For all my fellow "cloud-walking helpmates"

I've been reading the biography of Janice Holt Giles, whose book The Believers is among the favored few I posted last week. I'm fascinated by her life. She didn't publish her first novel until she was 41 years old.

This is what her husband, 10 years her junior, had to say:
(this made me smile)

"I know now that I shall spend the rest of my life with the people in Jan's books. They are part of the family, and I don't think I would like not having them around. In fact, I strongly suspect I would find life with the average housewife (which I thought I was getting) pretty dull and uninteresting. I've got used to dusty floors, books scattered everywhere, meals at odd hours and a cloud-walking helpmate. I'm even getting used to being pointed out as Janice Giles' husband. After all, it isn't everyone who can live successfully with a writer. Besides, when she's writing I have an awful lot of time to go fishing!"

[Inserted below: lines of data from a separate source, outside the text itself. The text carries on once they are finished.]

text \<open>The key computation: the \<open>k\<close>-th truncation of a sorted tuple and the step tuple
  at position \<open>k + 1\<close> are comonotonic, their meet is again a step tuple and their
  join is the next truncation.\<close>
lemma truncation_tmin_tmax:
  assumes sorted: "sorted_along n \<sigma> x" and least: "\<And>i. i \<in> {1..n} \<Longrightarrow> a \<le> x i"
    and k: "1 \<le> k" "k < n"
  shows "tmin n (truncation n \<sigma> x k) (step_tuple n \<sigma> a (Suc k) (x (\<sigma> (Suc k))))
           = step_tuple n \<sigma> a (Suc k) (x (\<sigma> k))"
    and "tmax n (truncation n \<sigma> x k) (step_tuple n \<sigma> a (Suc k) (x (\<sigma> (Suc k))))
           = truncation n \<sigma> x (Suc k)"
proof -
  have step: "x (\<sigma> k) \<le> x (\<sigma> (Suc k))"
    using sorted k unfolding sorted_along_def by auto
  let ?z = "truncation n \<sigma> x k" and ?e = "step_tuple n \<sigma> a (Suc k) (x (\<sigma> (Suc k)))"
  have pointwise: "min (?z j) (?e j) = step_tuple n \<sigma> a (Suc k) (x (\<sigma> k)) j \<and>
        max (?z j) (?e j) = truncation n \<sigma> x (Suc k) j" if j: "j \<in> {1..n}" for j
  proof (cases "inv \<sigma> j \<le> k")
    case True
    have "a \<le> x (\<sigma> (inv \<sigma> j))" using least[OF j] by simp
    with True j show ?thesis
      by (simp add: truncation_def step_tuple_def min_absorb2 max_absorb1 min_absorb1)
  next
    case False
    with j step show ?thesis
      by (simp add: truncation_def step_tuple_def min_absorb1 max_absorb2 min_absorb2)
  qed
  show "tmin n ?z ?e = step_tuple n \<sigma> a (Suc k) (x (\<sigma> k))"
  proof
    fix j show "tmin n ?z ?e j = step_tuple n \<sigma> a (Suc k) (x (\<sigma> k)) j"
      using pointwise[of j] by (cases "j \<in> {1..n}") (auto simp: tmin_def step_tuple_def)
  qed
  show "tmax n ?z ?e = truncation n \<sigma> x (Suc k)"
  proof
    fix j show "tmax n ?z ?e j = truncation n \<sigma> x (Suc k) j"
      using pointwise[of j] by (cases "j \<in> {1..n}") (auto simp: tmax_def truncation_def)
  qed
qed

lemma modular_truncation_Suc:
  assumes modular: "comonotonically_modular n J f"
    and a: "a \<in> J" "\<And>t. t \<in> J \<Longrightarrow> a \<le> t"
    and x: "x \<in> tuples n J" "sorted_along n \<sigma> x" and k: "1 \<le> k" "k < n"
  shows "f (truncation n \<sigma> x (Suc k)) = f (truncation n \<sigma> x k)
           + f (step_tuple n \<sigma> a (Suc k) (x (\<sigma> (Suc k))))
           - f (step_tuple n \<sigma> a (Suc k) (x (\<sigma> k)))"
proof -
  have xJ: "x i \<in> J" if "i \<in> {1..n}" for i
    using x(1) that by (auto simp: tuples_def)
  have "x (\<sigma> (Suc k)) \<in> J"
    using k by (intro xJ perm_in) simp
  then have e: "step_tuple n \<sigma> a (Suc k) (x (\<sigma> (Suc k))) \<in> tuples n J"
    "sorted_along n \<sigma> (step_tuple n \<sigma> a (Suc k) (x (\<sigma> (Suc k))))"
    using a by (simp_all add: step_tuple_in_tuples step_tuple_sorted)
  have z: "truncation n \<sigma> x k \<in> tuples n J" "sorted_along n \<sigma> (truncation n \<sigma> x k)"
    using x k by (simp_all add: truncation_in_tuples truncation_sorted)
  have "comonotonic n (truncation n \<sigma> x k) (step_tuple n \<sigma> a (Suc k) (x (\<sigma> (Suc k))))"
    unfolding comonotonic_iff using \<sigma> z(2) e(2) by blast
  with modular z(1) e(1) have "f (truncation n \<sigma> x k) + f (step_tuple n \<sigma> a (Suc k) (x (\<sigma> (Suc k))))
      = f (step_tuple n \<sigma> a (Suc k) (x (\<sigma> k))) + f (truncation n \<sigma> x (Suc k))"
    using truncation_tmin_tmax[OF x(2) _ k] a xJ
    unfolding comonotonically_modular_def by metis
  then show ?thesis by simp
qed

theorem comonotonically_modular_sum_decomposition:
  assumes modular: "comonotonically_modular n J f" and n: "1 \<le> n"
    and a: "a \<in> J" "\<And>t. t \<in> J \<Longrightarrow> a \<le> t"
  shows "\<exists>F :: nat \<Rightarrow> ereal \<Rightarrow> real. \<forall>x \<in> tuples n J.
           sorted_along n \<sigma> x \<longrightarrow> f x = (\<Sum>i=1..n. F i (x (\<sigma> i)))"
proof (intro exI ballI impI)
  define F where "F i t = f (step_tuple n \<sigma> a i t)
    - (if i < n then f (step_tuple n \<sigma> a (Suc i) t) else 0)" for i t
  fix x assume x: "x \<in> tuples n J" "sorted_along n \<sigma> x"
  have telescope: "f (truncation n \<sigma> x k) = (\<Sum>i=1..k. F i (x (\<sigma> i)))
      + (if k < n then f (step_tuple n \<sigma> a (Suc k) (x (\<sigma> k))) else 0)"
    if "1 \<le> k" and "k \<le> n" for k
    using that
  proof (induction k rule: nat_induct_at_least)
    case base
    show ?case using truncation_first[of x a] by (simp add: F_def)
  next
    case (Suc k)
    then show ?case
      using modular_truncation_Suc[OF modular a x \<open>1 \<le> k\<close>] by (simp add: F_def)
  qed
  show "f x = (\<Sum>i=1..n. F i (x (\<sigma> i)))"
    using telescope[OF n order.refl] truncation_last[OF x(1)] by simp
qed

end

theorem corollary21:
  fixes n :: nat and a b :: ereal and f :: "(nat \<Rightarrow> ereal) \<Rightarrow> real"
  assumes "n \<ge> 1" and "a \<le> b"
    and "quasi_polynomial n {a..b} f"
  shows "comonotonically_modular n {a..b} f \<and>
    (\<forall>\<sigma>. \<sigma> permutes {1..n} \<longrightarrow>
       (\<exists>F :: nat \<Rightarrow> ereal \<Rightarrow> real. \<forall>x \<in> tuples n {a..b}.
          (\<forall>i j. 1 \<le> i \<and> i \<le> j \<and> j \<le> n \<longrightarrow> x (\<sigma> i) \<le> x (\<sigma> j)) \<longrightarrow>
          f x = (\<Sum>i=1..n. F i (x (\<sigma> i)))))"
proof -
  have modular: "comonotonically_modular n {a..b} f"
    using quasi_polynomial_comonotonically_modular[OF assms(3)] .
  moreover have "\<exists>F :: nat \<Rightarrow> ereal \<Rightarrow> real. \<forall>x \<in> tuples n {a..b}.
          (\<forall>i j. 1 \<le> i \<and> i \<le> j \<and> j \<le> n \<longrightarrow> x (\<sigma> i) \<le> x (\<sigma> j)) \<longrightarrow>
          f x = (\<Sum>i=1..n. F i (x (\<sigma> i)))" if "\<sigma> permutes {1..n}" for \<sigma>
    using comonotonically_modular_sum_decomposition[OF that modular assms(1), of a] assms(2)
    unfolding sorted_along_def by simp
  ultimately show ?thesis by blast
qed

end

Cloud-walking helpmate. I've never heard myself described so well. And by a man who isn't my own husband. But Rusty would agree.

Monday, March 7, 2011

A prayer for writers

Years ago when I first joined American Christian Fiction Writers (OH that reminds me, my yearly dues are due!), I discovered a new author I quickly added to my list of favorites. Deb Raney wrote a book that changed the way I think about Christian fiction called Beneath a Southern Sky. I have a row of about six books that I consider favored enough to keep separate (this doesn't include my shrine to Gone With the Wind or my Mark of the Lion series by Francine Rivers.) I have those six books hedged between my beloved bookends my mother bought for me when my first books sold. Beneath a Southern Sky is among those books.



Among those books is also Three, by Ted Dekker, To Kill a Mockingbird, Forever Amber (which is raunchy for its time, but holds a special place in my heart), The Believers, The Complete Guide to writing and Selling the Christian Novel by Penelope Stokes--and any aspiring Christian author should have it--Sophie's Heart by Lori Wick. And Deb Raney's Beneath a Southern Sky, which in my opinion, should become a Christian classic.

Deb also quickly became one of my favorite people and in those early days when the loop was small and there was lots of activity, she posted a prayer that God gave her and she prays as she sits to write. I had this taped to my computer for years until it finally got lost and she graciously sent it to me again. With her permission, I post it.

~Quiet my heart and clear my mind this morning, Lord, and help me focus on this story that You've given me to write. Keep me from anything that would distract me from the work I need to accomplish, but also let Your Spirit within me discern what is truly a needless distraction and what is important enough that it should distract me. Never let me put project above people or worldly gain above things that are eternal.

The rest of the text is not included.